90% des victimes qui sortent de la peine sont blessées, 5% décédées et le reste des membres de la famille. Parmi les victimes dont la situation n’apparaît pas, plus de 30% ont fait état de séquelles physiques, 73, et 44% psychologiques, 135, et le reste des deux types. 60% sont espagnols et le reste de nationalité étrangère. L’entité considère qu’il est essentiel de savoir s’ils ont été inculpés pour ces réclamations puisqu’avec un jugement définitif, ils peuvent recommencer leur demande si cela leur avait déjà été refusé dans un premier temps. Ainsi, ils soulignent que beaucoup de gens ne savent même pas qu’ils apparaissent dans la phrase pour ce qu’ils sont des « victimes oubliées »

Pour cette raison, la présidente de l’UAVAT, Sara Bosch, le vice-président, Eli Micciola, et le conseiller de l’entité, Robert Manrique, ont demandé au ministère de l’Intérieur de localiser 248 personnes reconnues par le Tribunal national comme victimes des attentats contre Barcelone et Cambrils et les informer de leurs droits. Ils considèrent qu’il y a un « oubli » des victimes de la part des administrations, et pour cette raison ils le dénoncent comme une « victimisation secondaire » après avoir subi les attentats.
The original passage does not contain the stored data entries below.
lemma digit_eq_4_if_image_ge:
  assumes "k \<in> {1..4}" "0 \<le> y" "y \<le> 1" "1 - lam \<le> ifs_map lam k y"
  shows "k = 4"
proof -
  have "0 \<le> lam * y" "lam * y \<le> lam" using lam_mult_bounds assms(2,3) by auto
  moreover have "k = 1 \<or> k = 2 \<or> k = 3 \<or> k = 4" using assms(1) by auto
  ultimately show ?thesis
    using assms(4) by (auto simp: ifs_map_def; insert lam_less_quarter gap_3_4 lam_sq_le; linarith)
qed

lemma digit_eq_1_if_image_le:
  assumes "k \<in> {1..4}" "0 \<le> y" "y \<le> 1" "ifs_map lam k y \<le> lam"
  shows "k = 1"
proof -
  have "0 \<le> lam * y" "lam * y \<le> lam" using lam_mult_bounds assms(2,3) by auto
  moreover have "k = 1 \<or> k = 2 \<or> k = 3 \<or> k = 4" using assms(1) by auto
  ultimately show ?thesis
    using assms(4) by (auto simp: ifs_map_def; insert lam_pos lam_less_quarter lam_sq_le; linarith)
qed

lemma codings_first_difference:
  assumes s: "s \<in> codings lam x" and t: "t \<in> codings lam x"
    and agree: "\<And>k. k < n \<Longrightarrow> s k = t k" and differ: "s n \<noteq> t n"
  shows "(s n = 2 \<and> s (Suc n) = 4 \<and> t n = 3 \<and> t (Suc n) = 1) \<or>
         (s n = 3 \<and> s (Suc n) = 1 \<and> t n = 2 \<and> t (Suc n) = 4)"
proof -
  have s_digits: "\<forall>k. s k \<in> {1..4}" and t_digits: "\<forall>k. t k \<in> {1..4}"
    using s t by (auto simp: codings_def)
  obtain y where y: "0 \<le> y" "y \<le> 1" "x = iter_comp lam s (Suc (Suc n)) y"
    using coding_in_cylinder[OF s] by blast
  obtain z where z: "0 \<le> z" "z \<le> 1" "x = iter_comp lam t (Suc (Suc n)) z"
    using coding_in_cylinder[OF t] by blast
  define a where "a = ifs_map lam (s (Suc n)) y"
  define b where "b = ifs_map lam (t (Suc n)) z"
  have a: "0 \<le> a \<and> a \<le> 1" unfolding a_def using ifs_map_unit_interval s_digits y by blast
  have b: "0 \<le> b \<and> b \<le> 1" unfolding b_def using ifs_map_unit_interval t_digits z by blast
  have "iter_comp lam t n = iter_comp lam s n" by (rule iter_comp_cong) (simp add: agree)
  then have "iter_comp lam s n (ifs_map lam (s n) a) = iter_comp lam s n (ifs_map lam (t n) b)"
    using y(3) z(3) unfolding a_def b_def by simp
  then have "ifs_map lam (s n) a = ifs_map lam (t n) b"
    by (rule iter_comp_inj[rotated]) (use lam_pos in simp)
  then have "(s n = 2 \<and> t n = 3 \<and> 1 - lam \<le> a \<and> b \<le> lam) \<or>
             (s n = 3 \<and> t n = 2 \<and> 1 - lam \<le> b \<and> a \<le> lam)"
    using ifs_map_collision[of "s n" "t n" a b] s_digits t_digits a b differ by simp
  then show ?thesis
    using digit_eq_4_if_image_ge[of "s (Suc n)" y] digit_eq_1_if_image_le[of "s (Suc n)" y]
      digit_eq_4_if_image_ge[of "t (Suc n)" z] digit_eq_1_if_image_le[of "t (Suc n)" z]
      s_digits t_digits y z
    unfolding a_def b_def by blast
qed

lemma codings_common_block:
  assumes "s \<in> codings lam x" "t \<in> codings lam x" "s \<noteq> t"
  shows "\<exists>n. \<forall>r\<in>codings lam x. (r n = 2 \<and> r (Suc n) = 4) \<or> (r n = 3 \<and> r (Suc n) = 1)"
proof -
  let ?C = "codings lam x"
  let ?differ = "\<lambda>n. \<exists>s\<in>?C. \<exists>t\<in>?C. s n \<noteq> t n"
  define n where "n = (LEAST n. ?differ n)"
  have "?differ n"
    unfolding n_def by (rule LeastI_ex) (use assms in \<open>auto simp: fun_eq_iff\<close>)
  then obtain s0 t0 where s0: "s0 \<in> ?C" and t0: "t0 \<in> ?C" and "s0 n \<noteq> t0 n" by blast
  have agree: "\<And>k. k < n \<Longrightarrow> r k = r' k" if "r \<in> ?C" "r' \<in> ?C" for r r'
    using not_less_Least[of _ ?differ] that unfolding n_def by blast
  have "(r n = 2 \<and> r (Suc n) = 4) \<or> (r n = 3 \<and> r (Suc n) = 1)" if r: "r \<in> ?C" for r
  proof (cases "r n = s0 n")
    case True
    then have "r n \<noteq> t0 n" using \<open>s0 n \<noteq> t0 n\<close> by simp
    then show ?thesis using codings_first_difference[OF r t0] agree[OF r t0] by blast
  next
    case False
    then show ?thesis using codings_first_difference[OF r s0] agree[OF r s0] by blast
  qed
  then show ?thesis by blast
qed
Pour Bosch, l’action « proactive » du ministère doit être avant que la condamnation ne soit définitive puisqu’il la considère comme une « négligence » et ils estiment qu’il n’est pas le seul. En ce sens, ils détaillent que 68 victimes qui apparaissent dans la peine n’ont pas de rapport de leurs blessures, qu’elles soient physiques ou psychologiques, elles demandent donc une attention appropriée. Pour toutes ces raisons, ils défigurent les administrations qui répètent « la chanson éternelle » qu’ils sont à côté des victimes, quand ils ne se sentent pas comme ça, et ils ont demandé plus de soutien pour qu’ils puissent obtenir d’autres prérogatives qui leur correspondent par la loi , comme les soins psychologiques ou l’aide scolaire et professionnelle.

Pour localiser ces victimes, l’entité a affiché leurs noms sur le site Web. « Ce n’est pas une liste de noms, c’est une liste de personnes. Ça m’accable, ça m’outrage », a déclaré Bosch, qui estime qu’il ne s’agit pas d’argent, ni de se plaindre, mais que les administrations « résolvent leurs erreurs. » revoir les critères de prise en charge et de suivi des victimes et coordonner.

L’UAVAT a rappelé que les protocoles d’indemnisation en cas d’attentat terroriste devraient être revus en plus d’exhorter la Generalitat à ouvrir un bureau spécialisé permettant un suivi spécifique de chaque sinistre, comme celui qui a été clôturé en 2010.

Les attentats du 17 août 2017 ont fait 16 morts et plus de 140 blessés à Barcelone et Cambrils. À l’occasion de son quatrième anniversaire, ce mardi, il y aura une minute de silence et une offrande d’œillets, organisée par la mairie de Barcelone, sur La Rambla, juste au mémorial qui préside à la mémoire des victimes. Comme l’an dernier, il s’agira d’un sobre hommage de petit format, d’une quinzaine de minutes, sur la mosaïque du Pla de l’s de Joan Mir, à l’endroit même où s’est arrêté le fourgon qui a roulé sur des dizaines de personnes il y a quatre ans.

L’événement réunira des membres du Gouvernement, du Gouvernement, du Parlement, de la Mairie de Barcelone ainsi que des représentants institutionnels et des membres des organes de sécurité et d’urgence qui sont intervenus le jour des attentats. Cependant, le poids de la célébration sera pour les victimes et leurs familles, qui seront les premières à déposer leurs couronnes au pied de la mosaïque. Une heure plus tard, également à La Rambla, l’Association catalane des victimes d’organisations terroristes et la plate-forme 17-A Honor y Memoria ont appelé à un autre acte de commémoration pour cet attentat.